In the beginning, there was chaos…
… and from this chaos emerged a whole bunch of wrong decisions, mistakes, and failures that eventually turned into FluxEngine.
In this blog, I’m going to show how a simple intern managed to start creating an engine… instead of accidentally deleting the production DB.
I’ve always wanted to build a game engine,
so all the dudes on the internet telling me “build games, not game engines”… well, they sucked for me.
Game engine architecture is clear, complex, and looks sexy af.
Meanwhile, game code looks by definition like spaghetti on top of more spaghetti.
It’s not the developers’ fault – sometimes art requires moving your code into the hacky realm of quick fixes and rewrites on demand.
The engine, however, is the place for the technologically gifted (or introverted enough to spend all their life in front of a PC).
And game engine code is the one place where no designer or artist can hurt you.

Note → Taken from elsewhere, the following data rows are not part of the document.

(* Let $f:\mathbb{C}^2\to M_2(\mathbb{C})$ be the unital C*-algebra embedding $f(a,b)=\begin{pmatrix}a&0\\0&b\end{pmatrix}$, and let $\sigma:\mathrm{Max}\,\mathbb{C}^2\to\mathcal{T}(\mathbb{C}^2)$ be the quotient map $M\mapsto 1\cdot M\cdot 1$ (sending a closed subspace to the closed two-sided ideal it generates). Then the pushout of $\mathrm{Max}\,f:\mathrm{Max}\,\mathbb{C}^2\to\mathrm{Max}\,M_2(\mathbb{C})$ and $\sigma$ in the category of quantales and quantale homomorphisms is the trivial quantale.
   Context: A quantale is a complete lattice with an associative multiplication $\cdot$ distributing over arbitrary joins in both variables; a quantale homomorphism preserves arbitrary joins and multiplication; a quantale is trivial if its bottom equals its top. For a unital C*-algebra $A$, $\mathrm{Max}\,A$ is the quantale of closed linear subspaces of $A$ with join the closure of the sum and product $M\cdot N$ the closure of the linear span of $\{ab:a\in M,b\in N\}$; its top $1$ is $A$. For a unital *-homomorphism $f:A\to B$, $\mathrm{Max}\,f(M)=\overline{f[M]}$. $\mathcal{T}(\mathbb{C}^2)$ is the locale of closed ideals of $\mathbb{C}^2$. *)

theory Defs
  imports "HOL-Analysis.Analysis"
begin

record 'a quantale =
  carrier_q :: "'a set"
  le_q :: "'a \<Rightarrow> 'a \<Rightarrow> bool"
  mult_q :: "'a \<Rightarrow> 'a \<Rightarrow> 'a"

definition is_lub_q :: "'a quantale \<Rightarrow> 'a set \<Rightarrow> 'a \<Rightarrow> bool" where
  "is_lub_q Q S x \<longleftrightarrow> x \<in> carrier_q Q \<and> (\<forall>y\<in>S. le_q Q y x) \<and>
     (\<forall>z\<in>carrier_q Q. (\<forall>y\<in>S. le_q Q y z) \<longrightarrow> le_q Q x z)"

definition join_q :: "'a quantale \<Rightarrow> 'a set \<Rightarrow> 'a" where
  "join_q Q S = (THE x. is_lub_q Q S x)"

definition is_quantale :: "'a quantale \<Rightarrow> bool" where
  "is_quantale Q \<longleftrightarrow>
     (\<forall>x\<in>carrier_q Q. le_q Q x x) \<and>
     (\<forall>x\<in>carrier_q Q. \<forall>y\<in>carrier_q Q. le_q Q x y \<and> le_q Q y x \<longrightarrow> x = y) \<and>
     (\<forall>x\<in>carrier_q Q. \<forall>y\<in>carrier_q Q. \<forall>z\<in>carrier_q Q.
         le_q Q x y \<and> le_q Q y z \<longrightarrow> le_q Q x z) \<and>
     (\<forall>S. S \<subseteq> carrier_q Q \<longrightarrow> (\<exists>x. is_lub_q Q S x)) \<and>
     (\<forall>x\<in>carrier_q Q. \<forall>y\<in>carrier_q Q. mult_q Q x y \<in> carrier_q Q) \<and>
     (\<forall>x\<in>carrier_q Q. \<forall>y\<in>carrier_q Q. \<forall>z\<in>carrier_q Q.
         mult_q Q (mult_q Q x y) z = mult_q Q x (mult_q Q y z)) \<and>
     (\<forall>a\<in>carrier_q Q. \<forall>S. S \<subseteq> carrier_q Q \<longrightarrow>
         mult_q Q a (join_q Q S) = join_q Q ((\<lambda>s. mult_q Q a s) ` S) \<and>
         mult_q Q (join_q Q S) a = join_q Q ((\<lambda>s. mult_q Q s a) ` S))"

definition quantale_hom :: "'a quantale \<Rightarrow> 'b quantale \<Rightarrow> ('a \<Rightarrow> 'b) \<Rightarrow> bool" where
  "quantale_hom Q R h \<longleftrightarrow>
     h ` carrier_q Q \<subseteq> carrier_q R \<and>
     (\<forall>S. S \<subseteq> carrier_q Q \<longrightarrow> h (join_q Q S) = join_q R (h ` S)) \<and>
     (\<forall>x\<in>carrier_q Q. \<forall>y\<in>carrier_q Q. h (mult_q Q x y) = mult_q R (h x) (h y))"

definition is_trivial_q :: "'a quantale \<Rightarrow> bool" where
  "is_trivial_q Q \<longleftrightarrow> join_q Q {} = join_q Q (carrier_q Q)"

text \<open>Pushout of \<open>f : A \<rightarrow> B\<close>, \<open>g : A \<rightarrow> C\<close> with cocone \<open>(P, i, j)\<close>, universal property
  tested against all quantales whose elements live in the type \<open>'q\<close>.
  Quantifying the type \<open>'q\<close> schematically at theorem level gives all quantales.\<close>
definition is_pushout_q ::
  "'a quantale \<Rightarrow> 'b quantale \<Rightarrow> 'c quantale \<Rightarrow> ('a \<Rightarrow> 'b) \<Rightarrow> ('a \<Rightarrow> 'c) \<Rightarrow>
   'p quantale \<Rightarrow> ('b \<Rightarrow> 'p) \<Rightarrow> ('c \<Rightarrow> 'p) \<Rightarrow> 'q itself \<Rightarrow> bool" where
  "is_pushout_q A B C f g P i j _ \<longleftrightarrow>
     is_quantale P \<and> quantale_hom B P i \<and> quantale_hom C P j \<and>
     (\<forall>x\<in>carrier_q A. i (f x) = j (g x)) \<and>
     (\<forall>(Q :: 'q quantale) u v.
        is_quantale Q \<and> quantale_hom B Q u \<and> quantale_hom C Q v \<and>
        (\<forall>x\<in>carrier_q A. u (f x) = v (g x)) \<longrightarrow>
        (\<exists>k. quantale_hom P Q k \<and> (\<forall>y\<in>carrier_q B. k (i y) = u y) \<and>
             (\<forall>z\<in>carrier_q C. k (j z) = v z) \<and>
             (\<forall>k'. quantale_hom P Q k' \<and> (\<forall>y\<in>carrier_q B. k' (i y) = u y) \<and>
                   (\<forall>z\<in>carrier_q C. k' (j z) = v z) \<longrightarrow>
                   (\<forall>p\<in>carrier_q P. k' p = k p))))"

definition csubspace :: "(complex \<Rightarrow> 'a \<Rightarrow> 'a) \<Rightarrow> 'a::ab_group_add set \<Rightarrow> bool" where
  "csubspace sc M \<longleftrightarrow> 0 \<in> M \<and> (\<forall>x\<in>M. \<forall>y\<in>M. x + y \<in> M) \<and> (\<forall>c x. x \<in> M \<longrightarrow> sc c x \<in> M)"

definition cspan :: "(complex \<Rightarrow> 'a \<Rightarrow> 'a) \<Rightarrow> 'a::ab_group_add set \<Rightarrow> 'a set" where
  "cspan sc X = \<Inter>{M. csubspace sc M \<and> X \<subseteq> M}"

definition Max_prod :: "(complex \<Rightarrow> 'a \<Rightarrow> 'a) \<Rightarrow> ('a \<Rightarrow> 'a \<Rightarrow> 'a) \<Rightarrow>
    'a::{ab_group_add,topological_space} set \<Rightarrow> 'a set \<Rightarrow> 'a set" where
  "Max_prod sc mul M N = closure (cspan sc {mul a b | a b. a \<in> M \<and> b \<in> N})"

text \<open>\<open>Max A\<close>: closed linear subspaces, ordered by inclusion (so joins are closures of sums).\<close>
definition Max_q :: "(complex \<Rightarrow> 'a \<Rightarrow> 'a) \<Rightarrow> ('a \<Rightarrow> 'a \<Rightarrow> 'a) \<Rightarrow>
    'a::{ab_group_add,topological_space} set quantale" where
  "Max_q sc mul = \<lparr> carrier_q = {M. csubspace sc M \<and> closed M}, le_q = (\<subseteq>),
                    mult_q = Max_prod sc mul \<rparr>"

The first very important question I had to solve was: what language am I going to use?
So I did the worst thing you can do in that position – I asked Reddit.

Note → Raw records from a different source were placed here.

lemma Liminf_add_tendsto_zero_nonneg_iff:
  fixes Q :: "'a \<Rightarrow> ereal" and r :: "'a \<Rightarrow> real"
  assumes r: "(r \<longlongrightarrow> 0) F"
  shows "0 \<le> Liminf F (\<lambda>y. Q y + ereal (r y)) \<longleftrightarrow> 0 \<le> Liminf F Q"
proof
  have minus_r: "((\<lambda>y. - r y) \<longlongrightarrow> 0) F"
    using tendsto_minus[OF r] by simp
  have "Q y = Q y + ereal (r y) + ereal (- r y)" for y
    by (cases "Q y") auto
  moreover assume "0 \<le> Liminf F (\<lambda>y. Q y + ereal (r y))"
  ultimately show "0 \<le> Liminf F Q"
    using Liminf_add_tendsto_zero_nonneg[OF _ minus_r] by fastforce
qed (rule Liminf_add_tendsto_zero_nonneg[OF _ r])

lemma rsubdiff_add_differentiable:
  fixes f :: "real^'n \<Rightarrow> ereal"
  assumes g: "(g has_derivative (\<lambda>v. G \<bullet> v)) (at x)"
  shows "s \<in> rsubdiff (\<lambda>y. f y + ereal (g y)) x \<longleftrightarrow> s - G \<in> rsubdiff f x"
proof (cases "\<bar>f x\<bar> = \<infinity>")
  case True
  then show ?thesis by (auto simp: rsubdiff_def)
next
  case False
  then obtain a where a: "f x = ereal a" by (cases "f x") auto
  define r where "r y = (g y - g x - G \<bullet> (y - x)) / norm (y - x)" for y
  have r: "(r \<longlongrightarrow> 0) (at x)"
    using g unfolding has_derivative_iff_norm r_def
    by (subst tendsto_rabs_zero_iff[symmetric]) simp
  have "(f y + ereal (g y) - (f x + ereal (g x)) - ereal (s \<bullet> (y - x))) / ereal (norm (y - x))
      = (f y - f x - ereal ((s - G) \<bullet> (y - x))) / ereal (norm (y - x)) + ereal (r y)"
    if "y \<noteq> x" for y
  proof (cases "f y")
    case (real b)
    have "b + g y - (a + g x) - s \<bullet> (y - x) = (b - a - (s - G) \<bullet> (y - x)) + (g y - g x - G \<bullet> (y - x))"
      by (simp add: algebra_simps)
    then have "(b + g y - (a + g x) - s \<bullet> (y - x)) / norm (y - x)
        = (b - a - (s - G) \<bullet> (y - x)) / norm (y - x) + r y"
      unfolding r_def by (metis add_divide_distrib)
    then show ?thesis
      using that by (simp add: a real)
  qed (use that in \<open>simp_all add: a\<close>)
  then have "Liminf (at x) (\<lambda>y. (f y + ereal (g y) - (f x + ereal (g x)) - ereal (s \<bullet> (y - x))) / ereal (norm (y - x)))
      = Liminf (at x) (\<lambda>y. (f y - f x - ereal ((s - G) \<bullet> (y - x))) / ereal (norm (y - x)) + ereal (r y))"
    by (intro Liminf_eq) (auto simp: eventually_at_filter)
  then show ?thesis
    using False by (simp add: rsubdiff_def a Liminf_add_tendsto_zero_nonneg_iff[OF r])
qed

Oh boy. If only I knew what kind of mistake that was.
The replies flooded in like a tidal wave of unsolicited, contradictory advice. One comment thread devolved into a 50-reply argument about memory safety. Another was just a single, cryptic message: “Have you considered Lisp?” A chorus of users ignored the question entirely to tell me I should be building games, not engines, and that I was wasting my life. For every helpful suggestion, there were three pedantic corrections about my terminology and five people recommending their obscure pet language that has 12 stars on GitHub.
Me after posting the question
Ok, but let’s cut the crap. After a couple of minutes, I had a list of candidates:
- C – almighty C, some say it can compile on a potato. Very verbose and ideal in its own way. The problem? It’s too simple. For some that’s a plus, but I wanted to learn new stuff. Also, my previous game engine attempt was already in C, so I wanted something else.

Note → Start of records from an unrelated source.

(* Let $\mathcal F\subseteq\mathcal O(A)$ be a conservative clone with $\mathrm r(\mathcal F)=r\ge3$. Let $n$ be a natural number, $\mathbf a\in A^n_{<r}$, $f\in\mathcal F_{[n]}$, and $\sigma\colon A\to A$ an arbitrary function. Then $f(\sigma(\mathbf a))=\sigma(f(\mathbf a))$, where $\sigma(\mathbf a)$ is applied componentwise.
   Context: $\mathcal O(A)=\bigcup_{n<\omega}A^{A^n}$; $\mathcal F_{[n]}=\mathcal F\cap A^{A^n}$. $\mathrm{ran}\,\mathbf a$ is the set of entries of $\mathbf a\in A^n$; $A^n_{<r}=\{\mathbf a\in A^n:|\mathrm{ran}\,\mathbf a|<r\}$. A clone with carrier $A$ is a subset of $\mathcal O(A)$ containing all projections and closed under composition; it is conservative if $f(\mathbf a)\in\mathrm{ran}\,\mathbf a$ for all its members $f$ and all $\mathbf a$. $\mathrm r(\mathcal F)$ is the least $r$ such that $\mathcal F$ contains an $r$-ary function that is not a projection ($\omega$ if there is none). *)

theory Defs
  imports "HOL-Library.FuncSet" "HOL-Library.Extended_Nat"
begin

definition tuples :: "'a set \<Rightarrow> nat \<Rightarrow> (nat \<Rightarrow> 'a) set" where
  "tuples A n = PiE {..<n} (\<lambda>_. A)"

definition ops :: "'a set \<Rightarrow> nat \<Rightarrow> ((nat \<Rightarrow> 'a) \<Rightarrow> 'a) set" where
  "ops A n = tuples A n \<rightarrow>\<^sub>E A"

definition allops :: "'a set \<Rightarrow> (nat \<times> ((nat \<Rightarrow> 'a) \<Rightarrow> 'a)) set" where
  "allops A = {(n, f). f \<in> ops A n}"

definition proj :: "'a set \<Rightarrow> nat \<Rightarrow> nat \<Rightarrow> ((nat \<Rightarrow> 'a) \<Rightarrow> 'a)" where
  "proj A n i = (\<lambda>x\<in>tuples A n. x i)"

definition is_proj :: "'a set \<Rightarrow> nat \<Rightarrow> ((nat \<Rightarrow> 'a) \<Rightarrow> 'a) \<Rightarrow> bool" where
  "is_proj A n f \<longleftrightarrow> (\<exists>i<n. f = proj A n i)"

definition comp_op :: "'a set \<Rightarrow> nat \<Rightarrow> nat \<Rightarrow> ((nat \<Rightarrow> 'a) \<Rightarrow> 'a)
    \<Rightarrow> (nat \<Rightarrow> ((nat \<Rightarrow> 'a) \<Rightarrow> 'a)) \<Rightarrow> ((nat \<Rightarrow> 'a) \<Rightarrow> 'a)" where
  "comp_op A n m f g = (\<lambda>x\<in>tuples A m. f (\<lambda>i\<in>{..<n}. g i x))"

definition clone :: "'a set \<Rightarrow> (nat \<times> ((nat \<Rightarrow> 'a) \<Rightarrow> 'a)) set \<Rightarrow> bool" where
  "clone A F \<longleftrightarrow> F \<subseteq> allops A
     \<and> (\<forall>n i. i < n \<longrightarrow> (n, proj A n i) \<in> F)
     \<and> (\<forall>n m f g. (n, f) \<in> F \<and> (\<forall>i<n. (m, g i) \<in> F) \<longrightarrow> (m, comp_op A n m f g) \<in> F)"

definition conservative :: "'a set \<Rightarrow> (nat \<times> ((nat \<Rightarrow> 'a) \<Rightarrow> 'a)) set \<Rightarrow> bool" where
  "conservative A F \<longleftrightarrow> (\<forall>(n, f) \<in> F. \<forall>a \<in> tuples A n. f a \<in> a ` {..<n})"

definition rnk :: "'a set \<Rightarrow> (nat \<times> ((nat \<Rightarrow> 'a) \<Rightarrow> 'a)) set \<Rightarrow> enat" where
  "rnk A F = (if \<exists>n f. (n, f) \<in> F \<and> \<not> is_proj A n f
              then enat (LEAST n. \<exists>f. (n, f) \<in> F \<and> \<not> is_proj A n f) else \<infinity>)"

definition tuples_lt :: "'a set \<Rightarrow> nat \<Rightarrow> enat \<Rightarrow> (nat \<Rightarrow> 'a) set" where
  "tuples_lt A n r = {a \<in> tuples A n. enat (card (a ` {..<n})) < r}"

definition app_tuple :: "nat \<Rightarrow> ('a \<Rightarrow> 'a) \<Rightarrow> (nat \<Rightarrow> 'a) \<Rightarrow> (nat \<Rightarrow> 'a)" where
  "app_tuple n \<sigma> a = (\<lambda>i\<in>{..<n}. \<sigma> (a i))"

end

theory Submission
  imports Defs
begin

text \<open>Let \<open>k = |ran a| < r(F)\<close> and write \<open>a = b \<circ> \<pi>\<close> with \<open>b\<close> a \<open>k\<close>-tuple enumerating \<open>ran a\<close>
  and \<open>\<pi> : n \<rightarrow> k\<close>. Then \<open>f(a)\<close> and \<open>f(\<sigma>(a))\<close> are the values at \<open>b\<close> and \<open>\<sigma>(b)\<close> of the
  \<open>k\<close>-ary minor \<open>x \<mapsto> f(x \<circ> \<pi>)\<close> of \<open>f\<close>. This minor lies in \<open>F\<close> and has arity below
  \<open>r(F)\<close>, so it is a projection, and projections commute with \<open>\<sigma>\<close>.\<close>

lemma is_proj_if_arity_less_rnk:
  assumes "(m, g) \<in> F" and "enat m < rnk A F"
  shows "is_proj A m g"
proof (rule ccontr)
  assume nonproj: "\<not> is_proj A m g"
  then have "(LEAST n. \<exists>f. (n, f) \<in> F \<and> \<not> is_proj A n f) \<le> m"
    using assms(1) by (intro Least_le) blast
  with nonproj assms show False
    unfolding rnk_def by (auto split: if_splits)
qed

lemma app_tuple_in_tuples:
  assumes "c \<in> tuples A k" and "\<sigma> \<in> A \<rightarrow> A"
  shows "app_tuple k \<sigma> c \<in> tuples A k"
  using assms unfolding app_tuple_def tuples_def by auto

lemma proj_app_tuple:
  assumes "is_proj A k g" and "c \<in> tuples A k" and "\<sigma> \<in> A \<rightarrow> A"
  shows "g (app_tuple k \<sigma> c) = \<sigma> (g c)"
proof -
  obtain j where "j < k" and "g = proj A k j"
    using assms(1) unfolding is_proj_def by blast
  then show ?thesis
    using assms(2) app_tuple_in_tuples[OF assms(2,3)]
    unfolding proj_def app_tuple_def by simp
qed

lemma minor_in_clone:
  assumes "clone A F" and "(n, f) \<in> F" and "\<And>i. i < n \<Longrightarrow> \<pi> i < k"
  shows "(k, comp_op A n k f (\<lambda>i. proj A k (\<pi> i))) \<in> F"
proof -
  have "(k, proj A k (\<pi> i)) \<in> F" if "i < n" for i
    using assms(1) assms(3)[OF that] unfolding clone_def by simp
  with assms(1,2) show ?thesis
    unfolding clone_def by simp
qed

lemma minor_apply:
  assumes "c \<in> tuples A k" and "\<And>i. i < n \<Longrightarrow> \<pi> i < k"
  shows "comp_op A n k f (\<lambda>i. proj A k (\<pi> i)) c = f (\<lambda>i\<in>{..<n}. c (\<pi> i))"
  using assms unfolding comp_op_def proj_def by (auto intro!: arg_cong[where f = f])

lemma tuple_factors_through_range:
  assumes "a \<in> tuples A n"
  obtains b \<pi> where "b \<in> tuples A (card (a ` {..<n}))"
    and "\<And>i. i < n \<Longrightarrow> \<pi> i < card (a ` {..<n})"
    and "a = (\<lambda>i\<in>{..<n}. b (\<pi> i))"
proof -
  define k where "k = card (a ` {..<n})"
  obtain e where e: "bij_betw e {..<k} (a ` {..<n})"
    using ex_bij_betw_nat_finite[of "a ` {..<n}"] unfolding k_def
    by (auto simp: atLeast0LessThan)
  define \<pi> where "\<pi> i = the_inv_into {..<k} e (a i)" for i
  have \<pi>: "\<pi> i < k" "e (\<pi> i) = a i" if "i < n" for i
    using that e the_inv_into_into[of e "{..<k}" "a i"] f_the_inv_into_f_bij_betw[OF e]
    unfolding \<pi>_def by (auto simp: bij_betw_def)
  have "e ` {..<k} \<subseteq> A"
    using e assms unfolding tuples_def bij_betw_def by auto
  then have "restrict e {..<k} \<in> tuples A k"
    unfolding tuples_def by auto
  moreover have "a = (\<lambda>i\<in>{..<n}. restrict e {..<k} (\<pi> i))"
    using assms \<pi> unfolding tuples_def by (auto simp: PiE_def extensional_def)
  ultimately show thesis
    using that[of "restrict e {..<k}" \<pi>] \<pi>(1) unfolding k_def by simp
qed

theorem claim1:
  fixes A :: "'a set" and F :: "(nat \<times> ((nat \<Rightarrow> 'a) \<Rightarrow> 'a)) set"
    and r :: enat and n :: nat and a :: "nat \<Rightarrow> 'a"
    and f :: "(nat \<Rightarrow> 'a) \<Rightarrow> 'a" and \<sigma> :: "'a \<Rightarrow> 'a"
  assumes "clone A F" and "conservative A F"
    and "rnk A F = r" and "r \<ge> 3"
    and "a \<in> tuples_lt A n r"
    and "(n, f) \<in> F"
    and "\<sigma> \<in> A \<rightarrow> A"
  shows "f (app_tuple n \<sigma> a) = \<sigma> (f a)"
proof -
  define k where "k = card (a ` {..<n})"
  have a: "a \<in> tuples A n" and "enat k < rnk A F"
    using assms(3,5) unfolding tuples_lt_def k_def by auto
  obtain b \<pi> where b: "b \<in> tuples A k" and \<pi>: "\<And>i. i < n \<Longrightarrow> \<pi> i < k"
    and a_eq: "a = (\<lambda>i\<in>{..<n}. b (\<pi> i))"
    using tuple_factors_through_range[OF a, folded k_def] by blast
  define g where "g = comp_op A n k f (\<lambda>i. proj A k (\<pi> i))"
  have "is_proj A k g"
    using is_proj_if_arity_less_rnk[OF minor_in_clone[OF assms(1,6) \<pi>] \<open>enat k < rnk A F\<close>]
    unfolding g_def .
  have "app_tuple n \<sigma> a = (\<lambda>i\<in>{..<n}. app_tuple k \<sigma> b (\<pi> i))"
    using \<pi> unfolding a_eq app_tuple_def by (simp add: fun_eq_iff)
  then have "f (app_tuple n \<sigma> a) = g (app_tuple k \<sigma> b)"
    using minor_apply[OF app_tuple_in_tuples[OF b assms(7)] \<pi>] unfolding g_def by simp
  also have "\<dots> = \<sigma> (g b)"
    using proj_app_tuple[OF \<open>is_proj A k g\<close> b assms(7)] .
  also have "g b = f a"
    using minor_apply[OF b \<pi>] unfolding g_def a_eq by simp
  finally show ?thesis .
qed

end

- Zig – another great possibility. The trendy, modern, safe low-level kid on the block. But it’s not stable. Even tiny version bumps break the build system and core concepts entirely. Not something I want for a long-term project.
- Odin – yet another new kid. I haven’t tried it (yet), but it’s compiled with a C ABI, so in theory it’s more stable than Zig. Supposedly “finished” too, at least according to its author. Maybe one day.
- Rust – my second failed attempt. I tried to learn it, but stopped when I discovered (maybe mistakenly) that making static libs or DLLs requires going through C. My thought was: if in the end it’s all C anyway, what’s the point?
- C++ – last but not least. Basically C with extra toys. My plan: use C-style C++ for the low-level guts, and modern C++ for the abstract stuff. I actually built an engine in C++ back in middle school, on OpenGL. I didn’t know what I was doing, but hey – this time I’ve got Vulkan.
So yeah, after all the drama, I went with C++.
Because in the end… everything is C anyway.
Next time I’ll talk about actually setting up the damn project,
because (spoiler) CMake is pain in the ass. As always.